The brightness is actually due to bubbles in a "fizzing sea"
When NASA’s Cassini mission surveyed Saturn’s largest moon, Titan, in 2013, scientists encountered a mystery they couldn’t solve: the “magic islands.”
Radar images showed unexplained bright regions in Ligeia Mare, the second largest liquid body on Titan’s surface. The sea is 50% larger than our own Lake Superior and is comprised of liquid methane, ethane and nitrogen.
That environment makes the “magic islands” a less-than-ideal vacation spot. But the question remained: What are they?
Now, researchers have an answer. The bright regions that looked like islands are actually thousands of bubbles. It turns out Ligeia Mare can sometimes be an actively fizzing sea, according to a new study in Nature Astronomy. But this activity is ephemeral, which is why it has been difficult to classify and pin down.
“The surface looks very calm, at least in the light of RADAR observations, and from time to time we have streams of big bubbles a few centimeters in diameter reaching the surface,” Daniel Cordier, the lead study author, told CNN via email. Cordier is a research scientist at the Centre National de la Recherche Scientifique in Paris.
There is no equivalent to this kind of activity on Earth.
The bubbles are formed when the nitrogen, ethane and methane mixture becomes unstable at the temperatures and pressures researchers believe to exist at Ligeia Mare’s depths. The high concentration of nitrogen at the surface and the ethane at the bottom of the sea mix through hydrodynamic circulation. But these chemicals separate due to pressure, sending nitrogen bubbles back to the surface.

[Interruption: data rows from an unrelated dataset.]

(* Under the standing setup (assumptions (A1)–(A4)), let $(U_n)_n$ be the first-come-first-served process. (a) If $r<\mu$, then $q_U=1$. (b) If $r>\mu$, then $q_U<1$, and moreover $\mathrm P[\lim_nU_n=0\mid U_0=L]\to0$ as $L\to\infty$.
   Context: Standing setup. On a probability space $(\Omega,\mathcal F,\mathrm P)$ there are three mutually independent double arrays $(D_n^k)_{n\ge0,k\ge1}$, $(X_n^k)_{n\ge0,k\ge1}$, $(R_n^k)_{n\ge0,k\ge1}$, each consisting of i.i.d. random variables: $D_n^k\in\{0,1,2,\dots\}$ with law $p_j=\mathrm P[D_n^k=j]$ and mean $m$; $X_n^k\ge0$ real-valued with continuous distribution function $F$ and mean $\mu$; $R_n^k\ge0$ real-valued with mean $r$. Standing assumptions: (A1) $1<m<\infty$, $r<\infty$, $0<\mu<\infty$; (A2) $p_0>0$ and $p_k>0$ for some $k\ge2$; (A3) for the process under consideration started at $1$, every finite positive state is reached with positive probability; (A4) $D_n^k,X_n^k,R_n^k$ have finite variances. Write $D_n(k)=\sum_{j=1}^kD_n^j$, $R_n(k)=\sum_{j=1}^kR_n^j$. The fcfs counting function is $C(0,\varnothing,s)=0$ and, for $t\ge1$, $C(t,(x_k)_{k=1}^t,s)=0$ if $x_1>s$, otherwise $\max\{1\le k\le t:\sum_{j=1}^kx_j\le s\}$ (claims served in their given order). The fcfs-process started at $L$ is $U_0=L$, $U_{n+1}=C\big(D_n(U_n),(X_n^k)_{k=1}^{D_n(U_n)},R_n(U_n)\big)$; unless stated $U_0=1$. $q_U=\mathrm P[\lim_nU_n=0\mid U_0=1]$. *)

theory Defs
  imports "HOL-Probability.Probability"
begin

text \<open>The fcfs counting function C(t, (x_k)_{k=1..t}, s). The sequence is given as a
function x :: nat => real of which only the values x 1, ..., x t are used.\<close>
definition fcfs_count :: "nat \<Rightarrow> (nat \<Rightarrow> real) \<Rightarrow> real \<Rightarrow> nat" where
  "fcfs_count t x s =
     (if t = 0 then 0
      else if x 1 > s then 0
      else Max {k \<in> {1..t}. (\<Sum>j=1..k. x j) \<le> s})"

primrec fcfs_proc ::
  "(nat \<Rightarrow> nat \<Rightarrow> 'a \<Rightarrow> nat) \<Rightarrow> (nat \<Rightarrow> nat \<Rightarrow> 'a \<Rightarrow> real) \<Rightarrow> (nat \<Rightarrow> nat \<Rightarrow> 'a \<Rightarrow> real)
    \<Rightarrow> nat \<Rightarrow> nat \<Rightarrow> 'a \<Rightarrow> nat" where
  "fcfs_proc D X R L 0 \<omega> = L"
| "fcfs_proc D X R L (Suc n) \<omega> =
     fcfs_count (\<Sum>j=1..fcfs_proc D X R L n \<omega>. D n j \<omega>)
                (\<lambda>k. X n k \<omega>)
                (\<Sum>j=1..fcfs_proc D X R L n \<omega>. R n j \<omega>)"

definition fcfs_ext_prob ::
  "'a measure \<Rightarrow> (nat \<Rightarrow> nat \<Rightarrow> 'a \<Rightarrow> nat) \<Rightarrow> (nat \<Rightarrow> nat \<Rightarrow> 'a \<Rightarrow> real) \<Rightarrow> (nat \<Rightarrow> nat \<Rightarrow> 'a \<Rightarrow> real)
    \<Rightarrow> nat \<Rightarrow> real" where
  "fcfs_ext_prob M D X R L =
     measure M {\<omega> \<in> space M. (\<lambda>n. fcfs_proc D X R L n \<omega>) \<longlonglongrightarrow> 0}"

end

theory Submission
  imports Defs
begin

The researchers discovered this through a numerical model using Cassini’s data. A previous study suggested the result through a chemical experiment in a lab.
Titan, larger than both our own moon and the planet Mercury, is unique in our solar system. It is the only moon with clouds and a dense atmosphere of nitrogen and methane, which gives it a fuzzy orange appearance. It is 60% greater than our own atmosphere, meaning it exerts the kind of pressure you feel at the bottom of a swimming pool, according to NASA.

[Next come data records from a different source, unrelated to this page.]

lemma Geom_figM_avoids:
  assumes "p \<in> Geom figM"
  shows "avoids p [4,3,1,2]" and "avoids p [3,1,4,2]"
proof -
  from assms obtain x y :: "nat \<Rightarrow> real" where
    pts: "\<forall>i<length p. (x i, y i) \<in> figM" and
    xs: "\<forall>i<length p. \<forall>j<length p. i < j \<longrightarrow> x i < x j" and
    ys: "\<forall>i<length p. \<forall>j<length p. p!i < p!j \<longleftrightarrow> y i < y j"
    unfolding Geom_def by blast
  show "avoids p [4,3,1,2]"
    unfolding avoids_def contains_4312_iff
  proof (rule notI, elim exE conjE)
    fix a b c d assume "a < b" "b < c" "c < d" "d < length p" "p!c < p!d" "p!d < p!b" "p!b < p!a"
    with pts xs ys show False
      by (intro figM_no_4312[of "x a" "y a" "x b" "y b" "x c" "y c" "x d" "y d"]) auto
  qed
  show "avoids p [3,1,4,2]"
    unfolding avoids_def contains_3142_iff
  proof (rule notI, elim exE conjE)
    fix a b c d assume "a < b" "b < c" "c < d" "d < length p" "p!b < p!d" "p!d < p!a" "p!a < p!c"
    with pts xs ys show False
      by (intro figM_no_3142[of "x a" "y a" "x b" "y b" "x c" "y c" "x d" "y d"]) auto
  qed
qed

locale ascent_then_records =
  fixes p :: "nat list" and m :: nat
  assumes perm: "is_perm p" and split_pos: "m < length p"
    and prefix_ascending: "\<And>i j. i < j \<Longrightarrow> j \<le> m \<Longrightarrow> p!i < p!j"
    and suffix_records: "\<And>l. m < l \<Longrightarrow> l < length p \<Longrightarrow>
      (\<forall>i. m < i \<and> i < l \<longrightarrow> p!i < p!l) \<or> (\<forall>i. m < i \<and> i < l \<longrightarrow> p!l < p!i)"
begin

lemma upper_branch_record:
  assumes "m < i" "i < l" "l < length p" "p!(Suc m) < p!l"
  shows "p!i < p!l"
proof -
  have "Suc m < l" using assms by simp
  with suffix_records[of l] assms show ?thesis by force
qed

lemma lower_branch_record:
  assumes "m < i" "i < l" "l < length p" "p!l \<le> p!(Suc m)"
  shows "p!l < p!i"
proof -
  have "Suc m < l" using assms by simp
  with suffix_records[of l] assms show ?thesis by force
qed

text \<open>The suffix entry j is drawn at horizontal offset (j - m)/scale in column 3, on the
  upper branch if it exceeds p!(Suc m) and on the lower branch otherwise; its height over 1
  is tail_level j / scale, and tail_level is integral and increasing in the value of the
  entry. An entry i of the increasing part is put on the diagonal at a height between the
  levels of the suffix entries below and above it, the fractional part p!i/scale ordering
  such entries among themselves.\<close>

definition scale :: real where
  "scale = real (length p) + 1"

definition tail_level :: "nat \<Rightarrow> int" where
  "tail_level j = (if p!j \<le> p!(Suc m) then int m - int j else int j - int m)"

definition levels_below :: "nat \<Rightarrow> int set" where
  "levels_below i = insert (- int (length p) - 1) (tail_level ` {j. m < j \<and> j < length p \<and> p!j \<le> p!i})"

definition floor_level :: "nat \<Rightarrow> int" where
  "floor_level i = Max (levels_below i)"

definition level :: "nat \<Rightarrow> real" where
  "level i = of_int (floor_level i) + (if i \<le> m then real (p!i) / scale else 0)"

definition height :: "nat \<Rightarrow> real" where
  "height i = 1 + level i / scale"

definition abscissa :: "nat \<Rightarrow> real" where
  "abscissa i = (if i \<le> m then height i else 2 + (real i - real m) / scale)"

lemma scale_pos: "0 < scale"
  unfolding scale_def by simp

lemma tail_level_strict_mono:
  assumes k: "m < k" "k < length p" and j: "m < j" "j < length p" and "p!k < p!j"
  shows "tail_level k < tail_level j"
proof (cases "p!j \<le> p!(Suc m)")
  case True
  have "j < k"
  proof (rule ccontr)
    assume "\<not> j < k"
    with \<open>p!k < p!j\<close> have "k < j" by (cases "k = j") auto
    with lower_branch_record[of k j] k j True \<open>p!k < p!j\<close> show False by simp
  qed
  with True \<open>p!k < p!j\<close> show ?thesis unfolding tail_level_def by simp
next
  case False
  show ?thesis
  proof (cases "p!k \<le> p!(Suc m)")
    case True
    with False k j show ?thesis unfolding tail_level_def by simp
  next
    case k_up: False
    have "k < j"
    proof (rule ccontr)
      assume "\<not> k < j"
      with \<open>p!k < p!j\<close> have "j < k" by (cases "k = j") auto
      with upper_branch_record[of j k] k j k_up \<open>p!k < p!j\<close> show False by simp
    qed
    with False k_up show ?thesis unfolding tail_level_def by simp
  qed
qed

lemma tail_level_bounds:
  "m < j \<Longrightarrow> j < length p \<Longrightarrow> 1 - int (length p) \<le> tail_level j \<and> tail_level j \<le> int (length p) - 1"
  unfolding tail_level_def by auto

lemma finite_levels_below: "finite (levels_below i)"
  unfolding levels_below_def by simp

lemma floor_level_bounds: "- int (length p) - 1 \<le> floor_level i \<and> floor_level i \<le> int (length p) - 1"
  using tail_level_bounds unfolding floor_level_def
  by (auto simp: Max_ge_iff finite_levels_below) (auto simp: levels_below_def)

lemma floor_level_suffix:
  assumes "m < i" "i < length p"
  shows "floor_level i = tail_level i"
  unfolding floor_level_def
proof (rule Max_eqI[OF finite_levels_below])
  show "tail_level i \<in> levels_below i" using assms unfolding levels_below_def by auto
  fix y assume "y \<in> levels_below i"
  then consider "y = - int (length p) - 1"
    | j where "m < j" "j < length p" "p!j \<le> p!i" "y = tail_level j"
    unfolding levels_below_def by auto
  then show "y \<le> tail_level i"
  proof cases
    case 1
    then show ?thesis using tail_level_bounds[OF assms] by linarith
  next
    case (2 j)
    then show ?thesis
      using tail_level_strict_mono[of j i] is_perm_nth_eq_iff[OF perm, of j i] assms
      by (cases "p!j = p!i") auto
  qed
qed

It also has Earth-like liquid bodies on its surface, but the rivers, lakes and seas are comprised of liquid ethane and methane, which form clouds and cause liquid gas to rain down from the sky. The surface temperature is so cold at negative 290 degrees Fahrenheit that the rivers and lakes were carved out by methane – the way rocks and lava helped to form features and channels on Earth.
Titan is also believed to have an internal liquid water ocean, like Jupiter’s moon Europa and one of Saturn’s other moons, Enceladus. Last week, NASA announced that Europa and Enceladus’ oceans have some or most of the ingredients necessary for life as we know it.
But how does Titan compare? First of all, it’s bigger. It’s also entirely unique in its possession of a dense atmosphere, which has obscured the observations that researchers have tried to make of Titan.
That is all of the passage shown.